Monday, August 25, 2008

Collapse of civilizations

Jared Diamond has moved on from Guns, Germs and Steel, which gave an account of what factors influenced the growth and development of civilisations in certain parts of the World and not in others. Collapse, looks at why civilisations, well, collapse..and why some do not. Well worth at watching his lecture, available online here.

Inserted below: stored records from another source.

lemma holomorphic_tail:
  "tail_X M n holomorphic_on S \<and> tail_V M n holomorphic_on S \<and>
   tail_Y M n holomorphic_on S \<and> tail_U M n holomorphic_on S"
  by (induction n) (auto intro!: holomorphic_intros simp del: of_real_add)

lemma continuous_on_tail:
  "continuous_on S (tail_X M n)" "continuous_on S (tail_V M n)"
  "continuous_on S (tail_Y M n)" "continuous_on S (tail_U M n)"
  using holomorphic_tail[of M n S] by (auto intro: holomorphic_on_imp_continuous_on)

definition tail_ratio :: "nat \<Rightarrow> nat \<Rightarrow> complex \<Rightarrow> complex" where
  "tail_ratio M n w = w ^ (m (M+n) - tail_deg M n) * tail_V M n w / tail_X M n w"

lemma norm_tail_ratio_le:
  assumes "cmod w \<le> 1"
  shows "cmod (tail_ratio M n w) \<le> cmod w ^ (m (M+n) - tail_deg M n)"
proof -
  have "cmod (tail_V M n w) / cmod (tail_X M n w) \<le> 1"
    using tail_X_nonzero_dominates_V[OF assms] by simp
  then have "cmod w ^ (m (M+n) - tail_deg M n) * (cmod (tail_V M n w) / cmod (tail_X M n w))
      \<le> cmod w ^ (m (M+n) - tail_deg M n) * 1"
    by (intro mult_left_mono) auto
  then show ?thesis by (simp add: tail_ratio_def norm_mult norm_divide norm_power)
qed

lemma tail_X_Suc_eq:
  assumes "cmod w \<le> 1"
  shows "tail_X M (Suc n) w = tail_X M n w * (of_real (A (M+n)) + B (M+n) * tail_ratio M n w)"
  using tail_X_nonzero_dominates_V[OF assms, of M n] by (simp add: tail_ratio_def field_simps)

lemma norm_tail_step_less:
  assumes "cmod w \<le> 1"
  shows "cmod (B (M+n) / of_real (A (M+n)) * tail_ratio M n w) < 1"
proof -
  have "cmod (tail_ratio M n w) \<le> 1"
    using norm_tail_ratio_le[OF assms, of M n] assms by (meson norm_ge_zero order_trans power_le_one)
  then have "cmod (B (M+n)) * cmod (tail_ratio M n w) < A (M+n)"
    using norm_B_less_A[of "M+n"] mult_left_le[of _ "cmod (B (M+n))"] by (meson le_less_trans norm_ge_zero)
  then show ?thesis using A_pos[of "M+n"] by (simp add: norm_mult norm_divide)
qed

lemma norm_tail_X_ge:
  assumes w: "cmod w \<le> 1"
  shows "(\<Prod>i<n. A (M+i)) * (1 - (\<Sum>i<n. cmod w ^ (m (M+i) - tail_deg M i))) \<le> cmod (tail_X M n w)"
proof (induction n)
  case 0
  show ?case by simp
next
  case (Suc n)
  define a where "a = A (M+n)"
  define x where "x = cmod w ^ (m (M+n) - tail_deg M n)"
  define P where "P = (\<Prod>i<n. A (M+i))"
  define S where "S = (\<Sum>i<n. cmod w ^ (m (M+i) - tail_deg M i))"
  have a0: "0 < a" using A_pos by (simp add: a_def)
  have P0: "0 < P" unfolding P_def using A_pos by (intro prod_pos) auto
  have x0: "0 \<le> x" "x \<le> 1" using w by (auto simp: x_def power_le_one)
  have S0: "0 \<le> S" unfolding S_def by (intro sum_nonneg) auto
  have "cmod (B (M+n) * tail_ratio M n w) \<le> a * x"
    using norm_B_less_A[of "M+n"] norm_tail_ratio_le[OF w, of M n]
    by (simp add: norm_mult a_def x_def mult_mono')
  then have step: "a * (1 - x) \<le> cmod (of_real a + B (M+n) * tail_ratio M n w)"
    using norm_triangle_ineq2[of "of_real a" "- B (M+n) * tail_ratio M n w"] a0
    by (simp add: algebra_simps)
  have goal_eq: "(\<Prod>i<Suc n. A (M+i)) * (1 - (\<Sum>i<Suc n. cmod w ^ (m (M+i) - tail_deg M i)))
      = P * a * (1 - S - x)"
    by (simp add: P_def S_def a_def x_def algebra_simps)
  show ?case
  proof (cases "0 \<le> 1 - S")
    case False
    then have "P * a * (1 - S - x) \<le> 0" using P0 a0 x0 by (intro mult_nonneg_nonpos) auto
    then show ?thesis unfolding goal_eq by (meson norm_ge_zero order_trans)
  next
    case True
    have "P * a * (1 - S - x) \<le> (P * (1 - S)) * (a * (1 - x))"
      using P0 a0 x0 S0 mult_left_mono[of "1 - S - x" "(1 - S) * (1 - x)" "P * a"]
      by (simp add: algebra_simps)
    also have "\<dots> \<le> cmod (tail_X M n w) * cmod (of_real a + B (M+n) * tail_ratio M n w)"
      using Suc True step a0 x0 by (intro mult_mono) (auto simp: P_def S_def)
    also have "\<dots> = cmod (tail_X M (Suc n) w)"
      using tail_X_Suc_eq[OF w] by (simp add: norm_mult a_def)
    finally show ?thesis unfolding goal_eq .
  qed
qed

definition tail_log :: "nat \<Rightarrow> nat \<Rightarrow> complex \<Rightarrow> complex" where
  "tail_log M n w = (\<Sum>i<n. Ln (1 + B (M+i) / of_real (A (M+i)) * tail_ratio M i w))"

lemma tail_X_eq_exp_tail_log:
  assumes w: "cmod w \<le> 1"
  shows "tail_X M n w = of_real (\<Prod>i<n. A (M+i)) * exp (tail_log M n w)"
proof (induction n)
  case 0
  show ?case by (simp add: tail_log_def)
next
  case (Suc n)
  define u where "u = 1 + B (M+n) / of_real (A (M+n)) * tail_ratio M n w"
  have u0: "u \<noteq> 0"
    using one_plus_notin_nonpos_Reals[OF norm_tail_step_less[OF w, of M n]] by (auto simp: u_def)
  have a0: "A (M+n) \<noteq> 0" using A_pos[of "M+n"] by simp
  have "tail_X M (Suc n) w = tail_X M n w * (of_real (A (M+n)) * u)"
    unfolding tail_X_Suc_eq[OF w] u_def using a0 by (simp add: field_simps)
  also have "\<dots> = of_real (\<Prod>i<Suc n. A (M+i)) * (exp (tail_log M n w) * exp (Ln u))"
    using Suc u0 by simp
  also have "\<dots> = of_real (\<Prod>i<Suc n. A (M+i)) * exp (tail_log M (Suc n) w)"
    by (simp add: tail_log_def u_def exp_add)
  finally show ?case .
qed

lemma continuous_on_tail_ratio: "continuous_on (cball 0 1) (tail_ratio M n)"
  unfolding tail_ratio_def[abs_def] using tail_X_nonzero_dominates_V
  by (intro continuous_intros continuous_on_tail) auto

lemma holomorphic_on_tail_ratio: "tail_ratio M n holomorphic_on ball 0 1"
  unfolding tail_ratio_def[abs_def] using tail_X_nonzero_dominates_V holomorphic_tail[of M n]
  by (intro holomorphic_intros) auto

A few key points include Jared's 5 main reasons for collapse:
1) Human environmental impacts
2) Climate change (and how that impacts environmental services provision)
3) Hostile neighbors (to take advantage of internal weaknesses)
4) Trading partners (as the society may be too dependent on successes or failures of neighboring societies)
5) A Society's institutions being able to perceive and solve, or ignoring and failing to solve the other 4 problems.

He also discusses some of the differences between the past and the present such as:
-We have more people with more potent destructive technologies that can cause more destruction more quickly.
-Faster communications and transportation of good and bad things like terrorists, immigrants and diseases.
-Societies cannot really collapse in isolation as there are likely to be consequences elsewhere, including remote countries like Somalia.

On the other hand, greater hope comes from the faster and greater spread of knowledge for us to learn from mistakes and successes around the World now, and in the past. This gives us the chance to know what we are doing and gives the choice to continue or to change.

Some things he seems to believe are not as important include cultural differences and political system differences, which is quite interesting. I have not read the book but am keen too. In particular I find 5) the most interesting issue.